Look through the records below and copy each line that includes the word "sets".
RECORDS PROVIDED below:
lemma position_in_best_region_iff:
  assumes "c < n" "j < n"
  shows "position n j \<in> best_region {0..<n} (quad_util n) s c \<longleftrightarrow> j = c"
proof
  assume best: "position n j \<in> best_region {0..<n} (quad_util n) s c"
  show "j = c"
  proof (rule ccontr)
    assume "j \<noteq> c"
    then have "score (quad_util n) s (position n j) j \<le> score (quad_util n) s (position n j) c"
      using best assms by (simp add: best_region_def)
    with score_quad_util_less[OF assms \<open>j \<noteq> c\<close>[symmetric], of s] show False
      by linarith
  qed
next
  assume "j = c"
  then show "position n j \<in> best_region {0..<n} (quad_util n) s c"
    using score_quad_util_less[OF _ assms(2)] by (auto simp: best_region_def less_imp_le)
qed

lemma quad_util_bounds:
  assumes "c < n"
  shows "0 \<le> quad_util n s f c \<and> quad_util n s f c \<le> 1"
proof -
  define t where "t = position n c"
  have "0 \<le> t" "t \<le> 1"
    using assms by (simp_all add: t_def position_def)
  moreover from this have "t * t \<le> t" "0 \<le> (1 - t) * (1 - t)"
    by (simp_all add: mult_left_le)
  ultimately show ?thesis
    unfolding quad_util_def t_def[symmetric]
    by (cases f) (simp_all add: power2_eq_square algebra_simps)
qed

text \<open>The pair (c, k) stands for the k-th copy of the position c/n.\<close>
definition weight_samples :: "nat \<Rightarrow> nat \<Rightarrow> nat \<Rightarrow> (nat \<times> nat) set" where
  "weight_samples n K s = {0..<n} \<times> {0..<K} \<union> {(s, K)}"

definition perturbed_dist :: "nat \<Rightarrow> nat \<Rightarrow> nat \<Rightarrow> real measure" where
  "perturbed_dist n K s =
     distr (measure_pmf (pmf_of_set (weight_samples n K s))) borel (\<lambda>p. position n (fst p))"

lemma measure_distr_pmf_of_set:
  assumes "finite S" "S \<noteq> {}" "A \<in> sets borel"
  shows "measure (distr (measure_pmf (pmf_of_set S)) borel f) A = card {p\<in>S. f p \<in> A} / card S"
  using assms by (simp add: measure_distr measure_pmf_of_set Int_def conj_commute)

lemma prob_space_perturbed_dist: "prob_space (perturbed_dist n K s)"
  unfolding perturbed_dist_def by (rule prob_space.prob_space_distr) (simp_all add: prob_space_measure_pmf)

lemma sets_perturbed_dist [simp]: "sets (perturbed_dist n K s) = sets borel"
  by (simp add: perturbed_dist_def)

lemma space_perturbed_dist [simp]: "space (perturbed_dist n K s) = UNIV"
  by (simp add: perturbed_dist_def)

lemma card_weight_samples: "s < n \<Longrightarrow> card (weight_samples n K s) = n * K + 1"
  unfolding weight_samples_def by (subst card_Un_disjoint) (auto simp: card_cartesian_product)

lemma card_weight_samples_at:
  assumes "s < n" "c < n"
  shows "card {p\<in>weight_samples n K s. fst p = c} = K + (if c = s then 1 else 0)"
proof -
  have "{p\<in>weight_samples n K s. fst p = c} = {c} \<times> {0..<K} \<union> (if c = s then {(s, K)} else {})"
    using assms by (auto simp: weight_samples_def)
  then show ?thesis
    by (simp add: card_Un_disjoint card_cartesian_product)
qed

lemma measure_perturbed_dist_best_region:
  assumes "s < n" "c < n"
  shows "measure (perturbed_dist n K s) (best_region {0..<n} (quad_util n) s c)
    = real (K + (if c = s then 1 else 0)) / real (n * K + 1)"
proof -
  have "{p\<in>weight_samples n K s. position n (fst p) \<in> best_region {0..<n} (quad_util n) s c}
      = {p\<in>weight_samples n K s. fst p = c}"
    using assms position_in_best_region_iff[OF assms(2)] by (auto simp: weight_samples_def)
  then show ?thesis
    unfolding perturbed_dist_def
    using assms card_weight_samples card_weight_samples_at
    by (subst measure_distr_pmf_of_set) (auto simp: weight_samples_def best_region_borel)
qed

lemma herf_rule_first_choice:
  assumes herf: "herf_rule n {0..<n} (quad_util n) (perturbed_dist n K) nx" and "s < n"
  shows "nx s {} = s"
proof (rule ccontr)
  assume "nx s {} \<noteq> s"
  have "nx s {} < n"
    and "herf_prob {0..<n} (quad_util n) (perturbed_dist n K) s {} s
      \<le> herf_prob {0..<n} (quad_util n) (perturbed_dist n K) s {} (nx s {})"
    using herf \<open>s < n\<close> by (auto simp: herf_rule_def students_def)
  then have "real (K + 1) / real (n * K + 1) \<le> real K / real (n * K + 1)"
    using \<open>s < n\<close> \<open>nx s {} \<noteq> s\<close>
    by (simp add: herf_prob_empty measure_perturbed_dist_best_region)
  moreover have "(0::real) < 1 + real n * real K"
    by (intro add_pos_nonneg) simp_all
  ultimately show False
    by (simp add: divide_le_cancel)
qed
End of RECORDS PROVIDED.
RESULT OF THIS TASK |
  assumes "finite S" "S \<noteq> {}" "A \<in> sets borel"
lemma sets_perturbed_dist [simp]: "sets (perturbed_dist n K s) = sets borel"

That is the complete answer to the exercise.